The overarching theme at last week’s Republican convention was one of anger—fury at government and “a rigged system” and rage at an economy that is supposedly “not working.” But, Donald Trump’s biggest applause came when he slammed trade and immigration (“Build the wall! Build the wall!”).

And yet this is not just an American phenomenon. These themes would have been familiar to the British who voted to exit the European Union or in France, Austria, the Netherlands, Poland, Switzerland, Denmark and Sweden where extreme-right parties are leading in the polls. So why are voters so angry? Have trade and globalization gone too far?

Or maybe not far enough! The graph below shows how incomes have grown over 20 years for people at different levels of the global income distribution. We can see that the bottom 10% saw incomes rise almost 40%, so the world’s poorest are better off. The really big winners came from Asia where China’s urban median income grew by almost 300% while in Indonesia and Thailand, it roughly doubled. The top 1%, of course, did well.

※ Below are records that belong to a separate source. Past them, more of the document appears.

(* For $v\in\mathbb{C}$, $w\in\mathbb{C}\setminus\{1\}$ and integers $r\geq0$ define \begin{align*} U_r(w;v)&=\delta_{r,0}-\sum_{m=0}^{r}(-1)^m\binom{v}{r-m}\sum_{k=0}^{m}\frac{w}{(w-1)^{r+k+1}}\frac{(r+k)!}{k!}\mathcal{A}_{m,k}\!\left(\tfrac12,\tfrac13,\tfrac14,\dots\right),\\ \tilde U_r(w;v)&=-\sum_{m=0}^{r}\frac{v^{r-m}}{(r-m)!}\sum_{k=0}^{m}\frac{(-w)^k}{(w-1)^{r+k+1}}\frac{(r+k)!}{k!}\mathcal{A}_{m,k}\!\left(\tfrac1{2!},\tfrac1{3!},\tfrac1{4!},\dots\right). \end{align*} Then $U_0(w;v)=\tilde U_0(w;v)$ and $U_r(w;v)=\tilde U_r(w;v)+v\,\tilde U_{r-1}(w;v)$ for $r\geq1$.
   Context: De Moivre polynomial $\mathcal{A}_{n,k}(a_1,a_2,\dots)$: coefficient of $x^n$ in $(a_1x+a_2x^2+\cdots)^k$ (so $\mathcal{A}_{0,0}=1$, $\mathcal{A}_{n,k}=0$ for $n<k$). $\binom{v}{j}=v(v-1)\cdots(v-j+1)/j!$; $\delta_{r,0}$ Kronecker delta. *)

theory Defs
  imports Complex_Main "HOL-Computational_Algebra.Formal_Power_Series"
begin

text \<open>De Moivre polynomial: coefficient of x^n in (a_1 x + a_2 x^2 + ...)^k,
  where the sequence a_1, a_2, ... is given as a function a with a j = a_j (j >= 1);
  the value a 0 is ignored.\<close>
definition demoivre :: "(nat \<Rightarrow> 'a::comm_ring_1) \<Rightarrow> nat \<Rightarrow> nat \<Rightarrow> 'a" where
  "demoivre a n k = fps_nth (Abs_fps (\<lambda>j. if j = 0 then 0 else a j) ^ k) n"

definition U :: "nat \<Rightarrow> complex \<Rightarrow> complex \<Rightarrow> complex" where
  "U r w v = (if r = 0 then 1 else 0) -
     (\<Sum>m=0..r. (-1)^m * (v gchoose (r - m)) *
        (\<Sum>k=0..m. w / (w - 1)^(r + k + 1) * (fact (r + k) / fact k) *
           demoivre (\<lambda>j. 1 / of_nat (j + 1)) m k))"

definition U_tilde :: "nat \<Rightarrow> complex \<Rightarrow> complex \<Rightarrow> complex" where
  "U_tilde r w v = -
     (\<Sum>m=0..r. v^(r - m) / fact (r - m) *
        (\<Sum>k=0..m. (-w)^k / (w - 1)^(r + k + 1) * (fact (r + k) / fact k) *
           demoivre (\<lambda>j. 1 / fact (j + 1)) m k))"

end

theory Submission
  imports Defs
begin

text \<open>
  Both sides are coefficient extractions. The de Moivre polynomials are coefficients of powers of
  a power series Y, so the inner sums over k are coefficients of r! / (a - b Y)^(r+1). This gives
  tilde U_r = - r! [t^r] e^(v t) D(t)^(-(r+1)) with D(t) = w (e^t - 1) / t - 1, and
  U_r = delta_r0 - w r! [x^r] (1 + x)^v (w - ln (1 + x) / x)^(-(r+1)).
  Substituting x = e^t - 1 in the formal residue [x^r] H = res H(x) / x^(r+1) turns the latter
  into delta_r0 - w r! [t^r] e^(v t) e^t D(t)^(-(r+1)). Finally w e^t = 1 + (t D(t))', and
  integrating the term containing (t D(t))' by parts inside [t^r] produces the recurrence.
\<close>

unbundle fps_syntax

lemma sum_fact_div_fact_power_nth:
  fixes Y :: "'a::field_char_0 fps"
  assumes Y0: "Y $ 0 = 0"
  shows "(\<Sum>k=0..m. fact (r + k) / fact k * (Y ^ k) $ m)
       = fact r * inverse ((1 - Y) ^ (r + 1)) $ m"
proof -
  define S :: "'a fps" where "S = Abs_fps (\<lambda>k. of_nat ((r + k) choose k))"
  have S_eq: "inverse ((1 - fps_X) ^ (r + 1)) = S"
    using one_minus_const_fps_X_neg_power'[of "r + 1" "1::'a"] by (simp add: S_def)
  have "S oo Y = inverse ((1 - fps_X) ^ (r + 1) oo Y)"
    unfolding S_eq[symmetric] by (rule fps_inverse_compose[OF Y0]) simp
  also have "\<dots> = inverse ((1 - Y) ^ (r + 1))"
    by (simp only: fps_compose_power[OF Y0, symmetric] fps_compose_sub_distrib fps_compose_1
        fps_X_fps_compose_startby0[OF Y0])
  finally have "inverse ((1 - Y) ^ (r + 1)) $ m = (S oo Y) $ m"
    by simp
  then show ?thesis
    by (simp add: fps_compose_nth S_def binomial_fact sum_distrib_left mult.assoc)
qed

lemma sum_scaled_fact_div_fact_power_nth:
  fixes Y :: "'a::field_char_0 fps"
  assumes Y0: "Y $ 0 = 0" and a: "a \<noteq> 0"
  shows "(\<Sum>k=0..m. b ^ k / a ^ (r + k + 1) * (fact (r + k) / fact k) * (Y ^ k) $ m)
       = fact r * inverse ((fps_const a - fps_const b * Y) ^ (r + 1)) $ m"
proof -
  define Z where "Z = fps_const (b / a) * Y"
  have Z0: "Z $ 0 = 0"
    using Y0 by (simp add: Z_def)
  have "fps_const a * Z = fps_const b * Y"
    using a by (simp add: Z_def flip: mult.assoc)
  then have "fps_const a - fps_const b * Y = fps_const a * (1 - Z)"
    by (simp add: algebra_simps)
  then have inverse_eq: "inverse ((fps_const a - fps_const b * Y) ^ (r + 1))
      = fps_const (1 / a ^ (r + 1)) * inverse ((1 - Z) ^ (r + 1))"
    by (simp add: power_mult_distrib fps_inverse_mult fps_const_inverse fps_inverse_power
        divide_inverse power_inverse)
  have "b ^ k / a ^ (r + k + 1) * (fact (r + k) / fact k) * (Y ^ k) $ m
      = 1 / a ^ (r + 1) * (fact (r + k) / fact k * (Z ^ k) $ m)" for k
    using a by (simp add: Z_def power_mult_distrib power_add power_divide field_simps)
  then have "(\<Sum>k=0..m. b ^ k / a ^ (r + k + 1) * (fact (r + k) / fact k) * (Y ^ k) $ m)
      = 1 / a ^ (r + 1) * (\<Sum>k=0..m. fact (r + k) / fact k * (Z ^ k) $ m)"
    by (simp add: sum_distrib_left)
  also have "\<dots> = 1 / a ^ (r + 1) * (fact r * inverse ((1 - Z) ^ (r + 1)) $ m)"
    by (simp only: sum_fact_div_fact_power_nth[OF Z0])
  finally show ?thesis
    unfolding inverse_eq by simp
qed

text \<open>A derivative has no residue: for s > 0 the coefficient below is the residue of
  the derivative of -(X u)^(-s) / s.\<close>

lemma fps_nth_deriv_mult_inverse_power:
  fixes u :: "'a::field_char_0 fps"
  assumes u0: "u $ 0 \<noteq> 0"
  shows "(fps_deriv (fps_X * u) * inverse u ^ (s + 1)) $ s = (if s = 0 then 1 else 0)"
proof (cases s)
  case 0
  then show ?thesis
    using u0 by (simp add: fps_deriv_mult)
next
  case (Suc t)
  define W where "W = inverse u"
  have uW: "u * W = 1"
    using u0 by (simp add: W_def inverse_mult_eq_1')
  have W_deriv: "fps_deriv W = - fps_deriv u * W ^ 2"
    unfolding W_def by (rule fps_inverse_deriv[OF u0])
  have "fps_deriv (fps_X * u) * W ^ (s + 1)
      = (u * W) * W ^ s + fps_X * (fps_deriv u * W ^ 2) * W ^ t"
    using Suc by (simp add: fps_deriv_mult algebra_simps power2_eq_square)
  also have "\<dots> = W ^ (t + 1) - fps_X * (fps_deriv W * W ^ t)"
    using Suc by (simp add: uW W_deriv)
  finally have "(fps_deriv (fps_X * u) * W ^ (s + 1)) $ s
      = W ^ (t + 1) $ (t + 1) - (fps_deriv W * W ^ t) $ t"
    using Suc by simp
  moreover have "(fps_deriv W * W ^ t) $ t = W ^ (t + 1) $ (t + 1)"
  proof -
    have "fps_deriv (W ^ (t + 1)) = fps_const (of_nat (t + 1)) * (fps_deriv W * W ^ t)"
      unfolding fps_deriv_power by (simp add: mult.assoc)
    then have "of_nat (t + 1) * (fps_deriv W * W ^ t) $ t = of_nat (t + 1) * W ^ (t + 1) $ (t + 1)"
      by (metis fps_deriv_nth fps_mult_left_const_nth)
    moreover have "(of_nat (t + 1) :: 'a) \<noteq> 0"
      by (simp only: of_nat_eq_0_iff)
    ultimately show ?thesis
      by simp
  qed
  ultimately show ?thesis
    using Suc unfolding W_def[symmetric] by simp
qed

Those who gained the least were in the 80th and 90th percentiles—people in rich countries who are in the lower halves of national income distributions. In the mighty German economy, those folks gained just 7% in real terms over 20 years while the U.S. was essentially flat, and Japan saw incomes decline.

Should we blame trade? Research shows that some workers in the rich world struggled with the rise of China’s exports. Trade creates lots of jobs, but when losses are concentrated in certain sectors or regions, it’s difficult for workers to find other employment.

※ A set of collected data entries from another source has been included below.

lemma pullback_between:
  assumes "x \<notin> q ` T"
  shows "(lower x \<noteq> {} \<longrightarrow> Max (lower x) < pullback x) \<and>
    (upper x \<noteq> {} \<longrightarrow> pullback x < Min (upper x))"
proof -
  let ?a = "Max (lower x)" and ?b = "Min (upper x)"
  have gap: "?a + e \<le> ?b" if "lower x \<noteq> {}" "upper x \<noteq> {}"
    using Max_lower_gap_Min_upper that .
  let ?near_a = "lower x \<noteq> {} \<and> x < q ?a + e" and ?near_b = "upper x \<noteq> {} \<and> q ?b - e < x"
  consider (right) "lower x \<noteq> {}" "x < q ?a + e"
    | (left) "\<not> ?near_a" "upper x \<noteq> {}" "q ?b - e < x"
    | (far_left) "\<not> ?near_a" "\<not> ?near_b" "lower x = {}"
    | (far_right) "\<not> ?near_a" "\<not> ?near_b" "lower x \<noteq> {}" "upper x = {}"
    | (middle) "\<not> ?near_a" "\<not> ?near_b" "lower x \<noteq> {}" "upper x \<noteq> {}"
    by blast
  then show ?thesis
  proof cases
    case right
    then have "pullback x = near_right ?a (nat \<lfloor>1 / (x - q ?a)\<rfloor>)"
      using assms unfolding pullback_def by simp
    then have "?a < pullback x" "pullback x < ?a + e" using near_right_bounds by simp_all
    then show ?thesis using gap[OF right(1)] by fastforce
  next
    case left
    then have "pullback x = near_left ?b (nat \<lfloor>1 / (q ?b - x)\<rfloor>)"
      using assms unfolding pullback_def by auto
    then have "?b - e < pullback x" "pullback x < ?b" using near_left_bounds by simp_all
    then show ?thesis using gap[OF _ left(2)] by fastforce
  next
    case far_left
    then have "pullback x < Min T" using assms far_left_bound unfolding pullback_def by auto
    moreover have "Min T \<le> ?b" if "upper x \<noteq> {}" using Min_upper[OF that] finite_T by simp
    ultimately show ?thesis using far_left(3) by (meson less_le_trans)
  next
    case far_right
    then have "Max T < pullback x" using assms far_right_bound unfolding pullback_def by auto
    moreover have "?a \<le> Max T" using Max_lower[OF far_right(3)] finite_T by simp
    ultimately show ?thesis using far_right(4) by (meson le_less_trans)
  next
    case middle
    then have "pullback x = (?a + ?b) / 2"
      using assms unfolding pullback_def by simp
    then show ?thesis using gap[OF middle(3,4)] e_pos by simp
  qed
qed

However, a recent paper by the IMF shows that almost all of the world’s income inequality and working class wage stagnation is driven by technology. This is because the automation of routine work by robotics and computing has increased the demand and price premium on higher skills while reducing opportunities in relatively lower skill sectors. From robot greeters and automated checkouts to self-driving vehicles, this transformation is accelerating.

No one can build a wall that will stop technology from coming, so it’s easier for populist leaders to blame trade and immigration.This is not surprising. In 1824, Thomas MacAulay said, “Free trade, one of the greatest blessings which a government can confer on a people, is in almost every country unpopular.” We’ve been arguing about immigration for just as long even though all the evidence shows that immigration actually raises incomes of native workers.

Protectionism is always bad news for Canada. We have to press ahead with CETA and the Trans-Pacific Partnership while doing a better job explaining the benefits from trade. Building walls is a dead end.